**Task directions**: Copy, from the data below, each line that has the word "intro".
[[ Exercise inputs, beginning ]]
lemma Ck_compatible_if_atlas_local_diffeo:
  assumes f: "atlas_local_diffeo U f" and inj: "inj_on f U" and Wc: "(W, c) \<in> A"
  shows "Ck_compatible k (W, c) (U, f)" "Ck_compatible k (U, f) (W, c)"
proof -
  have inv_c: "inv_into W c (c w) = w" if "w \<in> W" for w
    using inv_into_f_f[OF chart_inj[OF Wc] that] .
  have inv_f: "inv_into U f (f w) = w" if "w \<in> U" for w
    using inv_into_f_f[OF inj that] .
  have "Ck_local_diffeo k (c ` (U \<inter> W)) (f \<circ> inv_into W c)"
    using atlas_local_diffeoD[OF f Wc] by (simp add: o_def)
  moreover have "inj_on (f \<circ> inv_into W c) (c ` (U \<inter> W))"
  proof (rule inj_onI)
    fix y y' assume "y \<in> c ` (U \<inter> W)" "y' \<in> c ` (U \<inter> W)" "(f \<circ> inv_into W c) y = (f \<circ> inv_into W c) y'"
    then obtain w w' where "w \<in> U \<inter> W" "w' \<in> U \<inter> W" "y = c w" "y' = c w'" "f w = f w'"
      by (auto simp: inv_c)
    then show "y = y'" using inj_onD[OF inj] by auto
  qed
  ultimately have "Ck_diffeo k (c ` (U \<inter> W)) ((f \<circ> inv_into W c) ` c ` (U \<inter> W)) (f \<circ> inv_into W c)"
    by (rule Ck_local_diffeo_imp_Ck_diffeo)
  moreover have "(f \<circ> inv_into W c) ` c ` (U \<inter> W) = f ` (U \<inter> W)"
    unfolding image_comp by (rule image_cong) (simp_all add: inv_c)
  ultimately show "Ck_compatible k (W, c) (U, f)"
    unfolding Ck_compatible_def by (simp add: Int_commute)
  have "open (U \<inter> W)" using f chart_open[OF Wc] by (auto simp: atlas_local_diffeo_def)
  then have "atlas_local_diffeo (U \<inter> W) c" "atlas_local_diffeo (U \<inter> W) f"
    using atlas_local_diffeo_subset[OF atlas_local_diffeo_chart[OF Wc] _ Int_lower2]
      atlas_local_diffeo_subset[OF f _ Int_lower1] by blast+
  then have tr: "Ck_local_diffeo k (f ` (U \<inter> W)) (\<lambda>y. c (inv_into (U \<inter> W) f y))"
    by (rule atlas_local_diffeo_transition[OF _ _ inj_on_subset[OF inj Int_lower1]])
  have "Ck_local_diffeo k (f ` (U \<inter> W)) (c \<circ> inv_into U f)"
  proof (rule Ck_local_diffeo_cong[OF _ _ tr])
    show "open (f ` (U \<inter> W))" using tr by (simp add: Ck_local_diffeo_def)
    fix y assume "y \<in> f ` (U \<inter> W)"
    then obtain w where "w \<in> U \<inter> W" "y = f w" by blast
    then show "c (inv_into (U \<inter> W) f y) = (c \<circ> inv_into U f) y"
      using inv_f inv_into_f_f[OF inj_on_subset[OF inj Int_lower1]] by simp
  qed
  moreover have "inj_on (c \<circ> inv_into U f) (f ` (U \<inter> W))"
  proof (rule inj_onI)
    fix y y' assume "y \<in> f ` (U \<inter> W)" "y' \<in> f ` (U \<inter> W)" "(c \<circ> inv_into U f) y = (c \<circ> inv_into U f) y'"
    then obtain w w' where "w \<in> U \<inter> W" "w' \<in> U \<inter> W" "y = f w" "y' = f w'" "c w = c w'"
      by (auto simp: inv_f)
    then show "y = y'" using inj_onD[OF chart_inj[OF Wc]] by auto
  qed
  ultimately have "Ck_diffeo k (f ` (U \<inter> W)) ((c \<circ> inv_into U f) ` f ` (U \<inter> W)) (c \<circ> inv_into U f)"
    by (rule Ck_local_diffeo_imp_Ck_diffeo)
  moreover have "(c \<circ> inv_into U f) ` f ` (U \<inter> W) = c ` (U \<inter> W)"
    unfolding image_comp by (rule image_cong) (simp_all add: inv_f)
  ultimately show "Ck_compatible k (U, f) (W, c)"
    unfolding Ck_compatible_def by simp
qed

lemma Ck_compatible_withI:
  assumes "\<And>b. b \<in> B \<Longrightarrow> is_chart b" "\<And>b b'. b \<in> B \<Longrightarrow> b' \<in> B \<Longrightarrow> Ck_compatible k b b'"
    and "\<And>W c U f. (W, c) \<in> A \<Longrightarrow> (U, f) \<in> B \<Longrightarrow>
      Ck_compatible k (W, c) (U, f) \<and> Ck_compatible k (U, f) (W, c)"
  shows "Ck_compatible_with k B A"
  unfolding Ck_compatible_with_def Ck_compatible_family_def
  using assms atlas unfolding Ck_atlas_def Ck_compatible_family_def by fast

lemma increasing_coordinate_global: "\<exists>\<omega>. atlas_local_diffeo UNIV \<omega> \<and> strict_mono \<omega>"
proof -
  define Q where "Q n t \<longleftrightarrow> (case t of (a, b, \<phi>) \<Rightarrow>
    increasing_coordinate {a<..<b} \<phi> \<and> a < - (real n + 1) \<and> real n + 1 < b)"
    for n and t :: "real \<times> real \<times> (real \<Rightarrow> real)"
  define R where "R n t t' \<longleftrightarrow> (\<forall>z\<in>{- (real n + 1)..real n + 1}. snd (snd t') z = snd (snd t) z)"
    for n and t t' :: "real \<times> real \<times> (real \<Rightarrow> real)"
  have "\<exists>t. Q 0 t"
  proof -
    obtain e \<phi> where "e > 0" "increasing_coordinate {0 - e<..<0 + e} \<phi>"
      using increasing_coordinate_near by blast
    then obtain a b \<phi>' where "increasing_coordinate {a<..<b} \<phi>'" "a < 0 - 1" "0 + 1 < b"
      using increasing_coordinate_extend[of "0 - e" "0 + e" \<phi> 0 0 1] by auto
    then show ?thesis by (intro exI[of _ "(a, b, \<phi>')"]) (simp add: Q_def)
  qed
  moreover have "\<exists>t'. Q (Suc n) t' \<and> R n t t'" if "Q n t" for n t
  proof -
    obtain a b \<phi> where t: "t = (a, b, \<phi>)" by (cases t)
    then have "increasing_coordinate {a<..<b} \<phi>" "a < - (real n + 1)" "real n + 1 < b"
      using that by (simp_all add: Q_def)
    then obtain a' b' \<phi>' where "increasing_coordinate {a'<..<b'} \<phi>'" "a' < - (real n + 1) - 1"
      "real n + 1 + 1 < b'" "\<forall>z\<in>{- (real n + 1)..real n + 1}. \<phi>' z = \<phi> z"
      using increasing_coordinate_extend[of a b \<phi> "- (real n + 1)" "real n + 1" 1] by auto
    then show ?thesis by (intro exI[of _ "(a', b', \<phi>')"]) (simp add: Q_def R_def t algebra_simps)
  qed
  ultimately obtain t where t: "\<And>n. Q n (t n) \<and> R n (t n) (t (Suc n))"
    using dependent_nat_choice[of Q R] by blast
  define \<phi> where "\<phi> n = snd (snd (t n))" for n
  define I where "I n = {- (real n + 1)<..<real n + 1}" for n
  have \<phi>: "increasing_coordinate (I n) (\<phi> n)" for n
    using t[of n] unfolding Q_def I_def \<phi>_def
    by (auto split: prod.splits elim!: increasing_coordinate_subset)
  have agree: "\<phi> m z = \<phi> n z" if "n \<le> m" "z \<in> {- (real n + 1)..real n + 1}" for n m z
    using that(1)
  proof (induction m rule: dec_induct)
    case (step m)
    then show ?case using t[of m] that(2) by (auto simp: R_def \<phi>_def)
  qed simp
  define N where "N z = nat \<lceil>\<bar>z\<bar>\<rceil>" for z :: real
  define \<omega> where "\<omega> z = \<phi> (N z) z" for z
  have in_I: "z \<in> I (N z)" for z unfolding I_def N_def by auto linarith+
  have \<omega>_eq: "\<omega> z = \<phi> m z" if "z \<in> I m" for m z
  proof (cases "N z \<le> m")
    case True
    then show ?thesis using agree[OF True, of z] in_I[of z] by (auto simp: \<omega>_def I_def)
  next
    case False
    then have "m \<le> N z" by simp
    moreover have "z \<in> {- (real m + 1)..real m + 1}" using that by (auto simp: I_def)
    ultimately show ?thesis using agree by (simp add: \<omega>_def)
  qed
  have "atlas_local_diffeo UNIV \<omega>"
  proof (rule atlas_local_diffeo_local[OF open_UNIV])
    fix z :: real
    have "atlas_local_diffeo (I (N z)) \<omega>"
      using \<phi>[of "N z"] \<omega>_eq by (auto simp: increasing_coordinate_def intro: atlas_local_diffeo_cong)
    then show "\<exists>T. open T \<and> z \<in> T \<and> T \<subseteq> UNIV \<and> atlas_local_diffeo T \<omega>"
      using in_I[of z] by (auto simp: I_def)
  qed
  moreover have "strict_mono \<omega>"
  proof (rule strict_monoI)
    fix r s :: real assume "r < s"
    define m where "m = max (N r) (N s)"
    have "r \<in> I m" "s \<in> I m" using in_I[of r] in_I[of s] by (auto simp: I_def m_def)
    then show "\<omega> r < \<omega> s"
      using \<phi>[of m] \<open>r < s\<close> \<omega>_eq by (auto simp: increasing_coordinate_def strict_mono_on_def)
  qed
  ultimately show ?thesis by blast
qed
[[ Exercise inputs, end ]]
**Exercise output**:
    then show ?thesis by (intro exI[of _ "(a, b, \<phi>')"]) (simp add: Q_def)
    then show ?thesis by (intro exI[of _ "(a', b', \<phi>')"]) (simp add: Q_def R_def t algebra_simps)
      using \<phi>[of "N z"] \<omega>_eq by (auto simp: increasing_coordinate_def intro: atlas_local_diffeo_cong)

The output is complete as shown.